France | France, Cour administrative d'appel de Nancy, 3ème chambre - formation à 3, 07 avril 2016, 15NC00279


Vu la procédure suivante :

Procédure contentieuse antérieure :

Le Fonds de garantie des victimes d'actes de terrorisme et d'autres infractions a demandé au tribunal administratif de Strasbourg de condamner l'Etat à lui verser la somme de 101 258,88 euros en remboursement des indemnités versées aux consorts E...-C... à la suite de l'assassinat de M. F...E...le 20 mars 2007.

Par un jugement n° 1205032 du 18 décembre 2014, le tribunal administratif de Strasbourg a limité à 52 258,88 euros la somme mise à la charge de l'Etat.

Procédure devant la cour :


Par une requête enregistrée le 9 février 2015, le Fonds de garantie des victimes d'acte...

Vu la procédure suivante :

Procédure contentieuse antérieure :

Le Fonds de garantie des victimes d'actes de terrorisme et d'autres infractions a demandé au tribunal administratif de Strasbourg de condamner l'Etat à lui verser la somme de 101 258,88 euros en remboursement des indemnités versées aux consorts E...-C... à la suite de l'assassinat de M. F...E...le 20 mars 2007.

Par un jugement n° 1205032 du 18 décembre 2014, le tribunal administratif de Strasbourg a limité à 52 258,88 euros la somme mise à la charge de l'Etat.

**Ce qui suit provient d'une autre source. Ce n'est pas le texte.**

(* Let $\xi$ be a bi-conformal vector field with gauge functions $\phi,\chi$. Then \[ \mathcal L_\xi E_a=-p\,\Pi_{aq}\phi^q,\qquad \mathcal L_\xi W_a=(p-n)\,P_{aq}\chi^q, \] \[ \mathcal L_\xi T_{abc}=(\phi\,\Pi_{ar}+\chi\,P_{ar})T^r{}_{bc}, \] and, setting $A_{abc}=P_a{}^dT_{dbc}$, $B_{abc}=\Pi_a{}^dT_{dbc}$, \[ \mathcal L_\xi A^a{}_{bc}=(\chi-\phi)A^a{}_{bc},\qquad \mathcal L_\xi B^a{}_{bc}=(\phi-\chi)B^a{}_{bc}. \]
   Context: Let $V$ be an $n$-dimensional smooth manifold with a $C^\infty$ pseudo-Riemannian metric $g_{ab}$ of arbitrary signature, Levi-Civita connection $\nabla$; indices are raised and lowered with $g$. Let $P_{ab}$, $\Pi_{ab}$ be smooth symmetric tensor fields forming at each point a pair of orthogonal complementary projectors: $P_{ab}+\Pi_{ab}=g_{ab}$, $P_{aq}P^q{}_b=P_{ab}$, $\Pi_{aq}\Pi^q{}_b=\Pi_{ab}$, $P_{aq}\Pi^q{}_b=0$; let $p=P^a{}_a$ (the constant rank of $P$), with $1\le p\le n-1$. Define $M_{abc}=\nabla_bP_{ac}+\nabla_cP_{ab}-\nabla_aP_{bc}$, $E_a=M_{acb}P^{cb}$, $W_a=-M_{acb}\Pi^{cb}$, and $T_{abc}=M_{abc}+\frac{1}{n-p}W_a\Pi_{bc}-\frac1pE_aP_{bc}$. A smooth vector field $\xi$ is a bi-conformal vector field (for the pair $P,\Pi$) if there exist smooth functions $\phi,\chi$ (its gauge functions) with $\mathcal L_\xi P_{ab}=\phi P_{ab}$ and $\mathcal L_\xi \Pi_{ab}=\chi\Pi_{ab}$. Notation: $\phi^a=g^{ab}\partial_b\phi$, $\chi^a=g^{ab}\partial_b\chi$. *)

theory Defs
  imports "HOL-Analysis.Analysis"
begin

text \<open>The manifold is represented by an open coordinate
  domain U in real^'n (n = CARD('n)); tensor fields are given by their component
  functions U -> real, indices range over the finite type 'n.\<close>

type_synonym 'n sfun = "real^'n \<Rightarrow> real"

definition pd :: "'n::finite sfun \<Rightarrow> 'n \<Rightarrow> 'n sfun" where
  "pd f i x = deriv (\<lambda>t. f (x + t *\<^sub>R axis i 1)) 0"
lemma integral_powr_kernel_by_parts:
  fixes \<phi> \<psi> :: "real \<Rightarrow> real" and \<theta> l :: real
  assumes \<theta>: "\<theta> > 0"
    and deriv: "\<And>t. t \<in> {0..1} \<Longrightarrow> (\<phi> has_real_derivative \<psi> t) (at t)"
    and \<psi>: "\<psi> absolutely_integrable_on {0..1}"
  shows "\<theta> * integral {0..1} (\<lambda>t. t powr (\<theta> - 1) * \<phi> t)
           + integral {0..1} (\<lambda>t. (t powr \<theta> - l) * \<psi> t) = (1 - l) * \<phi> 1 + l * \<phi> 0"
proof -
  let ?K = "\<lambda>t. t powr \<theta> - l"
  have K: "continuous_on {0..1} ?K"
    using \<theta> by (intro continuous_intros continuous_on_powr') auto
  have \<phi>: "continuous_on {0..1} \<phi>"
    by (intro continuous_at_imp_continuous_on ballI DERIV_isCont[OF deriv]) auto
  have "(\<lambda>t. ?K t * \<psi> t) absolutely_integrable_on {0..1}"
    by (rule absolutely_integrable_powr_kernel_mult[OF \<theta> \<psi>])
  hence K\<psi>: "((\<lambda>t. ?K t * \<psi> t) has_integral integral {0..1} (\<lambda>t. ?K t * \<psi> t)) {0..1}"
    using set_lebesgue_integral_eq_integral(1) integrable_integral by blast
  have "((\<lambda>t. \<theta> * (t powr (\<theta> - 1) * \<phi> t) + ?K t * \<psi> t) has_integral ?K 1 * \<phi> 1 - ?K 0 * \<phi> 0) {0..1}"
  proof (rule fundamental_theorem_of_calculus_interior)
    show "continuous_on {0..1} (\<lambda>t. ?K t * \<phi> t)"
      by (intro continuous_on_mult K \<phi>)
    show "((\<lambda>t. ?K t * \<phi> t) has_vector_derivative \<theta> * (t powr (\<theta> - 1) * \<phi> t) + ?K t * \<psi> t) (at t)"
      if "t \<in> {0<..<1}" for t
      using that deriv[of t] unfolding has_real_derivative_iff_has_vector_derivative[symmetric]
      by (auto intro!: derivative_eq_intros simp: algebra_simps)
  qed simp
  from has_integral_diff[OF this K\<psi>]
  have "((\<lambda>t. \<theta> * (t powr (\<theta> - 1) * \<phi> t)) has_integral
           (1 - l) * \<phi> 1 + l * \<phi> 0 - integral {0..1} (\<lambda>t. ?K t * \<psi> t)) {0..1}"
    by (simp add: algebra_simps)
  hence "integral {0..1} (\<lambda>t. \<theta> * (t powr (\<theta> - 1) * \<phi> t))
           = (1 - l) * \<phi> 1 + l * \<phi> 0 - integral {0..1} (\<lambda>t. ?K t * \<psi> t)"
    by (rule integral_unique)
  moreover have "integral {0..1} (\<lambda>t. \<theta> * (t powr (\<theta> - 1) * \<phi> t))
                   = \<theta> * integral {0..1} (\<lambda>t. t powr (\<theta> - 1) * \<phi> t)"
    by (rule integral_mult_right)
  ultimately show ?thesis by linarith
qed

Procédure devant la cour :

Par une requête enregistrée le 9 février 2015, le Fonds de garantie des victimes d'actes de terrorisme et d'autres infractions, représentée par la SELAFA Cabinet Cassel, demande à la cour :

1°) de réformer le jugement du tribunal administratif de Strasbourg du 18 décembre 2014 en ce qu'il a limité à 52 258,88 euros le montant de la somme allouée ;

2°) de condamner l'Etat à lui verser la somme de 101 258,88 euros en remboursement des indemnités versées aux consorts E...-C... à la suite de l'assassinat de M. F...E...le 20 mars 2007, cette somme étant assortie des intérêts au taux légal à compter du 2 décembre 2011 ;

3°) de mettre à la charge de l'Etat la somme de 3 000 euros sur le fondement de l'article L. 761-1 du code de justice administrative.

Il soutient que :

- la responsabilité sans faute de l'Etat est engagée dès lors que l'assassin de M. F...E...avait bénéficié d'une permission de sortir d'une journée au terme de laquelle il n'avait pas réintégré l'établissement pénitentiaire ;

- ayant pris en charge l'indemnisation des parents, du frère et de la compagne de la victime, il est subrogé dans les droits de ces derniers en application de l'article 706-11 du code de procédure pénale ;

- le préjudice moral subi par les parents et la compagne de la victime doit être évalué pour chacun d'entre eux à 30 000 euros ;

- compte tenu des frais d'obsèques supportés par la compagne de la victime, pour un montant non contesté de 3 258,88 euros, et du préjudice moral subi par le frère de la victime, évalué à 8 000 euros, le montant total de l'indemnité s'établit à 101 258,88 euros.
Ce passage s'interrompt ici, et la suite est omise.